Siemens Home Connect uygulaması sayesinde daha fazla leke türünü ve bunlar için geliştirilmiş özel programları keşfetmek de mümkün. Yani sadece “lekeyi çıkar” demekle kalmıyor, sizin için en doğru yıkama programını da otomatik olarak öneriyor. Böylece hem lekelerle uğraşmak zorunda kalmıyor hem de giysilerinizin ömrünü koruyorsunuz. 

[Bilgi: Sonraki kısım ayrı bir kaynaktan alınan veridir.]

(* Let $\mathbb{F}\in\{\mathbb{R},\mathbb{C}\}$, let $\boldsymbol A\in\mathbb{F}^{m\times n}$ with $m<n$, and let $k\in\{1,\dots,n\}$ be an integer. Suppose there exist a map $\Delta:\mathbb{R}^m\to\mathbb{F}^n$ and a constant $c_0>0$ such that \[ \mathrm{dist}(\Delta(|\boldsymbol A\boldsymbol x|),\boldsymbol x)\le c_0\,\sigma_k(\boldsymbol x)_2\qquad\text{for all }\boldsymbol x\in\mathbb{F}^n . \] Then $m\ge c\,n$ for a constant $c>0$ depending only on $c_0$.
   Context: $|\boldsymbol u|$ is the entrywise modulus. $\mathrm{dist}(\boldsymbol x,\boldsymbol y)=\min_{c\in\mathbb F,|c|=1}\|\boldsymbol x-c\boldsymbol y\|_2$. $\Sigma_k=\{\boldsymbol z\in\mathbb F^n:\|\boldsymbol z\|_0\le k\}$, $\sigma_k(\boldsymbol x)_2=\min_{\boldsymbol z\in\Sigma_k}\mathrm{dist}(\boldsymbol x,\boldsymbol z)$. *)

theory Defs
  imports Complex_Main
begin

text \<open>Vectors in F^n are represented as functions nat => F vanishing at indices >= n
  (F = real or complex, both instances of real_normed_field).
  An m x n matrix is a function nat => nat => F, only entries i<m, j<n matter.\<close>

definition fvec :: "nat \<Rightarrow> (nat \<Rightarrow> 'a::zero) set" where
  "fvec n = {x. \<forall>i\<ge>n. x i = 0}"

definition matvec :: "(nat \<Rightarrow> nat \<Rightarrow> 'a::comm_ring) \<Rightarrow> nat \<Rightarrow> nat \<Rightarrow> (nat \<Rightarrow> 'a) \<Rightarrow> nat \<Rightarrow> 'a" where
  "matvec A m n x = (\<lambda>i. if i < m then (\<Sum>j<n. A i j * x j) else 0)"

definition entry_abs :: "(nat \<Rightarrow> 'a::real_normed_vector) \<Rightarrow> nat \<Rightarrow> real" where
  "entry_abs u = (\<lambda>i. norm (u i))"

definition norm2 :: "nat \<Rightarrow> (nat \<Rightarrow> 'a::real_normed_vector) \<Rightarrow> real" where
  "norm2 n x = sqrt (\<Sum>i<n. (norm (x i))\<^sup>2)"

definition pdist :: "nat \<Rightarrow> (nat \<Rightarrow> 'a::real_normed_field) \<Rightarrow> (nat \<Rightarrow> 'a) \<Rightarrow> real" where
  "pdist n x y = Inf {norm2 n (\<lambda>i. x i - c * y i) | c. norm c = 1}"

definition sparse_set :: "nat \<Rightarrow> nat \<Rightarrow> (nat \<Rightarrow> 'a::zero) set" where
  "sparse_set n k = {z \<in> fvec n. card {i. i < n \<and> z i \<noteq> 0} \<le> k}"

definition sigma_k :: "nat \<Rightarrow> nat \<Rightarrow> (nat \<Rightarrow> 'a::real_normed_field) \<Rightarrow> real" where
  "sigma_k n k x = Inf (pdist n x ` sparse_set n k)"

end

theory Submission
  imports Defs "HOL-Analysis.L2_Norm"
begin

(* Split a vector w of the kernel of A as w = x1 - x2, where x1 = w_i e_i is 1-sparse. Both
   pieces have the same measurements, so the decoder returns one point that is within distance
   c0 sigma_k(x1) = 0 of x1 and within c0 ||x2|| of x2; by the triangle inequality for the
   phase-invariant distance, ||w||^2 <= c0^2 (||w||^2 - |w_i|^2).
   Such a w can be chosen with |w_i|^2 >= (1 - m/n) ||w||^2: the orthogonal projection P onto
   the kernel has trace at least n - m, so some P_ii >= 1 - m/n, and the column w = P e_i has
   w_i = P_ii = ||w||^2. Together, 1 <= c0^2 m / n. Over the reals one takes the real part of
   the complex column, which keeps w_i and can only lose norm elsewhere. *)

lemma norm2_nonneg: "0 \<le> norm2 n x"
  unfolding norm2_def by (simp add: sum_nonneg)

lemma norm2_eq_L2_set: "norm2 n x = L2_set (\<lambda>i. norm (x i)) {..<n}"
  unfolding norm2_def L2_set_def by simp

lemma norm2_diff_le: "norm2 n (\<lambda>i. x i - y i) \<le> norm2 n x + norm2 n y"
proof -
  have "norm2 n (\<lambda>i. x i - y i) \<le> L2_set (\<lambda>i. norm (x i) + norm (y i)) {..<n}"
    unfolding norm2_eq_L2_set by (rule L2_set_mono) (auto simp: norm_triangle_ineq4)
  also have "\<dots> \<le> norm2 n x + norm2 n y"
    unfolding norm2_eq_L2_set by (rule L2_set_triangle_ineq)
  finally show ?thesis .
qed

lemma norm2_mult_unit:
  fixes x :: "nat \<Rightarrow> 'a::real_normed_field"
  assumes "norm c = 1"
  shows "norm2 n (\<lambda>i. c * x i) = norm2 n x"
  using assms by (simp add: norm2_def norm_mult)

lemma pdist_set_nonempty:
  "{norm2 n (\<lambda>i. x i - c * y i) |c. norm (c :: 'a::real_normed_field) = 1} \<noteq> {}"
  by (auto intro: exI[of _ 1])

lemma pdist_le_norm2:
  fixes x y :: "nat \<Rightarrow> 'a::real_normed_field"
  assumes "norm c = 1"
  shows "pdist n x y \<le> norm2 n (\<lambda>i. x i - c * y i)"
  unfolding pdist_def
  by (rule cInf_lower) (use assms in \<open>auto intro!: bdd_belowI[where m = 0] simp: norm2_nonneg\<close>)

lemma pdist_greatest:
  fixes x y :: "nat \<Rightarrow> 'a::real_normed_field"
  assumes "\<And>c. norm c = 1 \<Longrightarrow> b \<le> norm2 n (\<lambda>i. x i - c * y i)"
  shows "b \<le> pdist n x y"
  unfolding pdist_def by (rule cInf_greatest[OF pdist_set_nonempty]) (use assms in auto)

lemma pdist_nonneg: "0 \<le> pdist n (x :: nat \<Rightarrow> 'a::real_normed_field) y"
  by (rule pdist_greatest) (rule norm2_nonneg)
definition milp_feasible ::
  "nat \<Rightarrow> ('s::finite \<Rightarrow> real) \<Rightarrow> ('s \<Rightarrow> 'o::finite \<Rightarrow> real) \<Rightarrow> ('s \<Rightarrow> 'a::finite \<Rightarrow> 's \<Rightarrow> real)
   \<Rightarrow> ('s \<Rightarrow> real) \<Rightarrow> (nat \<Rightarrow> 's \<Rightarrow> 'o \<Rightarrow> 'a \<Rightarrow> real) \<Rightarrow> (nat \<Rightarrow> 's \<Rightarrow> 'a \<Rightarrow> 's \<Rightarrow> real)
   \<Rightarrow> (nat \<Rightarrow> 'a \<Rightarrow> 'o \<Rightarrow> real) \<Rightarrow> bool" where
  "milp_feasible T p0 pO pT m1 msoa msas delta \<longleftrightarrow>
     relax_feasible T p0 pO pT m1 msoa msas delta \<and>
     (\<forall>t\<in>{1..T}. \<forall>a ob. delta t a ob \<in> {0, 1})"

text \<open>p(s|s',a',o); with the convention x/0 = 0 (only relevant when the numerator is 0 too).\<close>
definition pcond :: "('s::finite \<Rightarrow> 'o \<Rightarrow> real) \<Rightarrow> ('s \<Rightarrow> 'a \<Rightarrow> 's \<Rightarrow> real) \<Rightarrow> 's \<Rightarrow> 's \<Rightarrow> 'a \<Rightarrow> 'o \<Rightarrow> real" where
  "pcond pO pT s s' a' ob = pO s ob * pT s' a' s / (\<Sum>sb\<in>UNIV. pO sb ob * pT s' a' sb)"

text \<open>Feasible set of the strengthened relaxation R^c; mc t s' a' s ob a = mu^t_{s'a'soa}.\<close>
definition relaxc_feasible ::
  "nat \<Rightarrow> ('s::finite \<Rightarrow> real) \<Rightarrow> ('s \<Rightarrow> 'o::finite \<Rightarrow> real) \<Rightarrow> ('s \<Rightarrow> 'a::finite \<Rightarrow> 's \<Rightarrow> real)
   \<Rightarrow> ('s \<Rightarrow> real) \<Rightarrow> (nat \<Rightarrow> 's \<Rightarrow> 'o \<Rightarrow> 'a \<Rightarrow> real) \<Rightarrow> (nat \<Rightarrow> 's \<Rightarrow> 'a \<Rightarrow> 's \<Rightarrow> real)
   \<Rightarrow> (nat \<Rightarrow> 'a \<Rightarrow> 'o \<Rightarrow> real) \<Rightarrow> (nat \<Rightarrow> 's \<Rightarrow> 'a \<Rightarrow> 's \<Rightarrow> 'o \<Rightarrow> 'a \<Rightarrow> real) \<Rightarrow> bool" where
  "relaxc_feasible T p0 pO pT m1 msoa msas delta mc \<longleftrightarrow>
     relax_feasible T p0 pO pT m1 msoa msas delta \<and>
     (\<forall>t\<in>{2..T}. \<forall>s' a' s ob a. 0 \<le> mc t s' a' s ob a) \<and>
     (\<forall>t\<in>{2..T}. \<forall>s ob a. (\<Sum>s'\<in>UNIV. \<Sum>a'\<in>UNIV. mc t s' a' s ob a) = msoa t s ob a) \<and>
     (\<forall>t\<in>{2..T}. \<forall>s' a' s ob. (\<Sum>a\<in>UNIV. mc t s' a' s ob a) = pO s ob * msas (t - 1) s' a' s) \<and>
     (\<forall>t\<in>{2..T}. \<forall>s' a' s ob a.
        mc t s' a' s ob a = pcond pO pT s s' a' ob * (\<Sum>sb\<in>UNIV. mc t s' a' sb ob a))"
lemma bij_betw_mult_mod:
  fixes p n :: nat
  assumes "coprime p n"
  shows "bij_betw (\<lambda>i. i * p mod n) {..<n} {..<n}"
proof -
  have inj: "inj_on (\<lambda>i. i * p mod n) {..<n}"
  proof (rule inj_onI)
    fix i j assume "i \<in> {..<n}" "j \<in> {..<n}" "i * p mod n = j * p mod n"
    then have "[i = j] (mod n)" using cong_mult_rcancel_nat[OF assms] by (simp add: cong_def)
    then show "i = j" using cong_less_modulus_unique_nat \<open>i \<in> {..<n}\<close> \<open>j \<in> {..<n}\<close> by auto
  qed
  then have "(\<lambda>i. i * p mod n) ` {..<n} = {..<n}" by (intro endo_inj_surj) auto
  with inj show ?thesis unfolding bij_betw_def ..
qed

lemma card_bij_betw_less:
  fixes \<sigma> :: "nat \<Rightarrow> nat"
  assumes "bij_betw \<sigma> {..<n} {..<n}" and "m \<le> n"
  shows "card {i. i < n \<and> \<sigma> i < m} = m"
proof -
  let ?S = "{i. i < n \<and> \<sigma> i < m}"
  have "\<sigma> ` ?S = {..<m}"
  proof
    show "{..<m} \<subseteq> \<sigma> ` ?S"
    proof
      fix y assume "y \<in> {..<m}"
      then have "y \<in> \<sigma> ` {..<n}" using assms bij_betw_imp_surj_on by fastforce
      with \<open>y \<in> {..<m}\<close> show "y \<in> \<sigma> ` ?S" by auto
    qed
  qed auto
  moreover have "inj_on \<sigma> ?S"
    using bij_betw_imp_inj_on[OF assms(1)] by (rule inj_on_subset) auto
  ultimately show ?thesis using card_image by fastforce
qed

definition jump_word :: "(nat \<Rightarrow> nat) \<Rightarrow> nat \<Rightarrow> letter list" where
  "jump_word a N = map (\<lambda>j. if a j < a (Suc j) then R else L) [0..<N]"

lemma length_jump_word [simp]: "length (jump_word a N) = N"
  by (simp add: jump_word_def)

lemma nth_jump_word [simp]:
  "j < N \<Longrightarrow> jump_word a N ! j = (if a j < a (Suc j) then R else L)"
  by (simp add: jump_word_def)
theorem theorem1:
  fixes M :: "'a measure" and F :: "nat \<Rightarrow> 'a measure"
    and L U :: "nat \<Rightarrow> real \<Rightarrow> nat \<Rightarrow> 'a \<Rightarrow> ereal"
    and \<theta> :: "nat \<Rightarrow> real" and k m :: nat and \<alpha> :: real
  assumes P: "prob_space M"
    and filt_sub: "\<And>T. T \<ge> 1 \<Longrightarrow> subalgebra M (F T)"
    and filt_mono: "\<And>s T. 1 \<le> s \<Longrightarrow> s \<le> T \<Longrightarrow> sets (F s) \<subseteq> sets (F T)"
    and L_adapt: "\<And>i \<beta> T. i \<in> {1..k} \<Longrightarrow> 0 < \<beta> \<Longrightarrow> \<beta> < 1 \<Longrightarrow> T \<ge> 1 \<Longrightarrow>
                    L i \<beta> T \<in> borel_measurable (F T)"
    and U_adapt: "\<And>i \<beta> T. i \<in> {1..k} \<Longrightarrow> 0 < \<beta> \<Longrightarrow> \<beta> < 1 \<Longrightarrow> T \<ge> 1 \<Longrightarrow>
                    U i \<beta> T \<in> borel_measurable (F T)"
    and LU: "\<And>i \<beta> T \<omega>. i \<in> {1..k} \<Longrightarrow> 0 < \<beta> \<Longrightarrow> \<beta> < 1 \<Longrightarrow> T \<ge> 1 \<Longrightarrow>
                    \<omega> \<in> space M \<Longrightarrow> L i \<beta> T \<omega> \<le> U i \<beta> T \<omega>"
    and L_cov: "\<And>i \<beta>. i \<in> {1..k} \<Longrightarrow> 0 < \<beta> \<Longrightarrow> \<beta> < 1 \<Longrightarrow>
                    measure M {\<omega> \<in> space M. \<exists>T\<ge>1. ereal (\<theta> i) \<le> L i \<beta> T \<omega>} \<le> \<beta>"
    and U_cov: "\<And>i \<beta>. i \<in> {1..k} \<Longrightarrow> 0 < \<beta> \<Longrightarrow> \<beta> < 1 \<Longrightarrow>
                    measure M {\<omega> \<in> space M. \<exists>T\<ge>1. ereal (\<theta> i) \<ge> U i \<beta> T \<omega>} \<le> \<beta>"
    and k2: "k \<ge> 2" and m1: "1 \<le> m" and mk: "m \<le> k - 1"
    and \<alpha>0: "0 < \<alpha>" and \<alpha>1: "\<alpha> < 1"
    and \<theta>_sorted: "\<And>i j. 1 \<le> i \<Longrightarrow> i \<le> j \<Longrightarrow> j \<le> k \<Longrightarrow> \<theta> j \<le> \<theta> i"
  shows
    "measure M {\<omega> \<in> space M. \<forall>T\<ge>1. scs L U \<alpha> k m \<omega> T \<subseteq> scs L U \<alpha> k m \<omega> (T - 1)} = 1
     \<and> (\<theta> m > \<theta> (m + 1) \<longrightarrow>
          measure M {\<omega> \<in> space M. \<forall>T\<ge>1. promising \<theta> k m \<subseteq> scs L U \<alpha> k m \<omega> T} \<ge> 1 - \<alpha>)
     \<and> ((\<theta> m > \<theta> (m + 1) \<and>
         (\<forall>i\<in>{1..k}. \<forall>\<beta>. 0 < \<beta> \<and> \<beta> < 1 \<longrightarrow> (\<forall>\<epsilon>>0.
            ((\<lambda>T. measure M {\<omega> \<in> space M. \<bar>U i \<beta> T \<omega> - ereal (\<theta> i)\<bar> > ereal \<epsilon>}) \<longlonglongrightarrow> 0) \<and>
            ((\<lambda>T. measure M {\<omega> \<in> space M. \<bar>L i \<beta> T \<omega> - ereal (\<theta> i)\<bar> > ereal \<epsilon>}) \<longlonglongrightarrow> 0))))
        \<longrightarrow> measure M {\<omega> \<in> space M. \<exists>T0\<ge>1. \<forall>T\<ge>T0. scs L U \<alpha> k m \<omega> T = promising \<theta> k m}
              \<ge> 1 - \<alpha>)"
proof -
  have m_less: "m < k"
    using k2 mk by linarith
  have \<alpha>_km: "0 < alpha_km \<alpha> k m" "alpha_km \<alpha> k m < 1"
    using alpha_km_pos[OF \<alpha>0 m1 m_less] alpha_km_less_one[OF \<alpha>0 \<alpha>1 m1 m_less] .
  \<comment> \<open>Adaptedness is only needed for measurability with respect to \<open>M\<close>.\<close>
  interpret scs_screening M L U \<theta> k m \<alpha>
  proof (rule scs_screening.intro[OF P], unfold_locales)
    fix i and T :: nat assume i: "i \<in> {1..k}" and T: "1 \<le> T"
    show "L i (alpha_km \<alpha> k m) T \<in> borel_measurable M"
      by (rule measurable_from_subalg[OF filt_sub L_adapt]) (use i T \<alpha>_km in auto)
    show "U i (alpha_km \<alpha> k m) T \<in> borel_measurable M"
      by (rule measurable_from_subalg[OF filt_sub U_adapt]) (use i T \<alpha>_km in auto)
    show "L i (alpha_km \<alpha> k m) T \<omega> \<le> U i (alpha_km \<alpha> k m) T \<omega>" if "\<omega> \<in> space M" for \<omega>
      using LU[OF i \<alpha>_km T that] .
  qed (use m1 m_less \<alpha>0 \<theta>_sorted L_cov U_cov \<alpha>_km in auto)
  show ?thesis (is "?part_a \<and> (?gap \<longrightarrow> ?part_b) \<and> (?gap \<and> ?consistent \<longrightarrow> ?part_c)")
  proof (intro conjI impI)
    have "{\<omega> \<in> space M. \<forall>T\<ge>1. screen \<omega> T \<subseteq> screen \<omega> (T - 1)} = space M"
      using scs_antimono[of "_ - 1" _ L U \<alpha> k m] by auto
    then show ?part_a
      by (simp add: prob_space)
  next
    assume ?gap
    then show ?part_b
      using prob_top_always_screened promising_eq_top[OF \<theta>_sorted m_less] by simp
  next
    assume "?gap \<and> ?consistent"
    then have "1 - \<alpha> \<le> prob {\<omega> \<in> space M. \<exists>T0\<ge>1. \<forall>T\<ge>T0. screen \<omega> T = {1..m}}"
      using m_less \<alpha>_km
      by (intro prob_eventually_top) (auto simp: converges_in_prob_def deviation_event_def)
    then show ?part_c
      using \<open>?gap \<and> ?consistent\<close> promising_eq_top[OF \<theta>_sorted m_less] by simp
  qed
qed

end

Artık çocuğunuza yemek yedirirken dökülen yemek lekeleri, kahve kazaları ya da mutfakta sıçrayan yağ lekeleri sizi endişelendirmiyor. stainRemoval, günlük hayatın getirdiği küçük sürprizlere karşı en güvenilir yardımcınız oluyor. 

Siemens iQ500 çamaşır ve kurutma makineleri, artık sadece kıyafetlerinizi temizleyen makineler değil; size zaman, konfor ve güven veren akıllı iş ortaklarınızdır. Ütüye harcadığınız vakti kendinize ayırın, lekelerle uğraşmayı unutun ve teknolojinin yaşam alanınıza uyumunun keyfini yaşayın.

*Bu yazı Siemens’in katkılarıyla hazırlanmıştır.